In the last few weeks, I have been working on an issue in Sqoop that Sqoop’s “–append” options does not work well with parameter “-Dmapreduce.output.basename”. The goal of adding “-Dmapreduce.output.basename” is to ask Sqoop to generate custom file names for the target file in HDFS, rather than using the default “part” prefix for all files.
However, Sqoop has a bug that when trying to move the file from temp folder to target folder in HDFS, it does not respect the setting for mapreduce.output.basename, hence resulted no data being moved to the final destination.
This can be confirmed by turning on the DEBUG logging for Sqoop (using –verbose):
sqoop import -Dmapreduce.output.basename="eric-test" \ --connect jdbc:mysql://mysql-host.com/test \ --username root --password 'root' --table test \ --target-dir /tmp/ericlin-test/sqoop/test --fields-terminated-by '\t' \ --verbose --append 18/05/28 22:24:44 INFO util.AppendUtils: Appending to directory test 18/05/28 22:24:44 DEBUG util.AppendUtils: Filename: _SUCCESS ignored 18/05/28 22:24:44 DEBUG util.AppendUtils: Filename: eric-test-m-00000 ignored 18/05/28 22:24:44 DEBUG util.AppendUtils: Filename: eric-test-m-00001 ignored 18/05/28 22:24:44 DEBUG util.AppendUtils: Filename: eric-test-m-00002 ignored 18/05/28 22:24:44 DEBUG util.AppendUtils: Deleting temporary folder 14935e396acc4ea7b9a6236c66064c9b_test
From the output, you can see that Sqoop ignored all the files generated with prefix “eric-test”.
I have submitted a upstream JIRA SQOOP-3330, and after a few review cycles, my patch finally get accepted and committed to Sqoop’s trunk code base. I am looking forward for the fix to be backported into CDH in the near future.
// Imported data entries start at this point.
theorem proposition2:
  fixes a :: "nat \<Rightarrow> int" and d :: nat
  assumes "d \<ge> 1"
    and "strict_mono_on {1..} a"
    and "\<forall>n\<ge>1. a n > 0"
    and "quasi_arithmetic d a"
  shows "\<not> (\<exists>\<alpha>::real. poissonian_pc (\<lambda>n. frac (real_of_int (a n) * \<alpha>)))"
proof
  assume "\<exists>\<alpha>::real. poissonian_pc (\<lambda>n. frac (real_of_int (a n) * \<alpha>))"
  then obtain \<alpha> :: real and x where pc: "poissonian_pc x"
    and x: "x = (\<lambda>n. frac (real_of_int (a n) * \<alpha>))" by blast
  obtain \<theta> :: real where "\<theta> > 0" and recurrent: "\<exists>\<^sub>F N in sequentially. \<exists>v. v \<noteq> 0 \<and>
      dist_int (of_int v * \<alpha>) \<le> 2 / (\<theta> * N) \<and>
      \<theta> * N \<le> real (card {y \<in> a ` {1..N}. y + v \<in> a ` {1..N}})"
    using quasi_arithmetic_frequently_recurrent_difference[OF assms(4)] by blast
  define window where
    "window N s = close_pairs x N (s / N) - close_pairs x N ((s - \<theta> / 5) / N)" for N s
  have "\<forall>\<^sub>F N in sequentially. \<forall>s\<in>{0..2 / \<theta>}. real (card (window N s)) < \<theta> * N"
    using poissonian_pc_few_pairs_in_window[OF pc, of "\<theta> / 5" "2 / \<theta>"] \<open>\<theta> > 0\<close>
    by (simp add: window_def)
  from frequently_ex[OF frequently_eventually_conj[OF recurrent this]]
  obtain N v where few: "\<forall>s\<in>{0..2 / \<theta>}. real (card (window N s)) < \<theta> * N" and "v \<noteq> 0"
    and dist_v: "dist_int (of_int v * \<alpha>) \<le> 2 / (\<theta> * N)"
    and many: "\<theta> * N \<le> real (card {y \<in> a ` {1..N}. y + v \<in> a ` {1..N}})"
    by blast
  define pairs where "pairs = {(i, j). i \<in> {1..N} \<and> j \<in> {1..N} \<and> a i = a j + v}"
  define s where "s = N * dist_int (of_int v * \<alpha>)"
  have "N > 0"
    using few[rule_format, of 0] \<open>\<theta> > 0\<close> by (cases "N = 0") auto
  then have "s \<in> {0..2 / \<theta>}"
    using dist_v \<open>\<theta> > 0\<close> by (auto simp: s_def dist_int_def field_simps)
  have "inj_on a {1..N}"
    using strict_mono_on_imp_inj_on[OF assms(2)] by (rule inj_on_subset) auto
  then have "\<theta> * N \<le> real (card pairs)"
    using many unfolding pairs_def by (simp only: card_pairs_with_difference)
  also have "\<dots> \<le> real (card (window N s))"
    using pairs_with_difference_subset_close_pairs[where a = a and \<alpha> = \<alpha> and N = N
        and r = "(s - \<theta> / 5) / N", OF \<open>v \<noteq> 0\<close>]
      \<open>N > 0\<close> \<open>\<theta> > 0\<close>
    by (intro of_nat_mono card_mono) (auto simp: window_def pairs_def x s_def finite_close_pairs field_simps)
  finally show False
    using few \<open>s \<in> {0..2 / \<theta>}\<close> by fastforce
qed
lemma descartes_arcs_to_Sink:
  "(a, Sink s) \<in> descartes_arcs V A N \<Longrightarrow>
     \<exists>v. a = Copy (copy_map a) v \<and> copy_map a \<in> descartes_maps V N \<and> v \<in> V \<and> copy_map a v = s"
  by (auto elim: descartes_arcs_cases)

lemma descartes_dipath_copy:
  assumes P: "dipath (descartes_arcs V A N) P x y"
  shows "x = Copy (copy_map x) (copy_vertex x)" "set P \<subseteq> range (Copy (copy_map x)) \<union> range Sink"
proof -
  have "(x, P ! 1) \<in> descartes_arcs V A N" by (rule dipath_first_arc[OF P])
  then show x: "x = Copy (copy_map x) (copy_vertex x)" by (auto elim: descartes_arcs_cases)
  show "set P \<subseteq> range (Copy (copy_map x)) \<union> range Sink"
  proof (rule dipath_closed_from_start[OF P])
    show "x \<in> range (Copy (copy_map x)) \<union> range Sink" using x by (metis UnI1 rangeI)
    fix u v assume "u \<in> range (Copy (copy_map x)) \<union> range Sink" "(u, v) \<in> descartes_arcs V A N"
    then show "v \<in> range (Copy (copy_map x)) \<union> range Sink"
      by (auto elim: descartes_arcs_cases)
  qed
qed

lemma descartes_dipath_avoiding_sinks:
  assumes P: "dipath (descartes_arcs V A N) P x y" and "y \<notin> range Sink"
  shows "set P \<subseteq> range (Copy (copy_map x))"
proof -
  have "z \<notin> range Sink" if "z \<in> set P" for z
  proof
    assume z: "z \<in> range Sink"
    have "y \<in> range Sink"
      by (rule dipath_closed_to_end[OF P _ that z]) (auto elim: descartes_arcs_cases)
    then show False using assms(2) by simp
  qed
  then show ?thesis using descartes_dipath_copy(2)[OF P] by blast
qed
Update (28th of April, 2020): This JIRA is confirmed to be backported into CDH since version 6.1.0. So if you face this issue, upgrade to latest CDH/CDP would have the fix. The workaround is to simply add “part_” prefix to mapreduce.output.basename, so like “part_eric_test” to force Sqoop to copy those files, as older Sqoop will look for filenames start with “part”.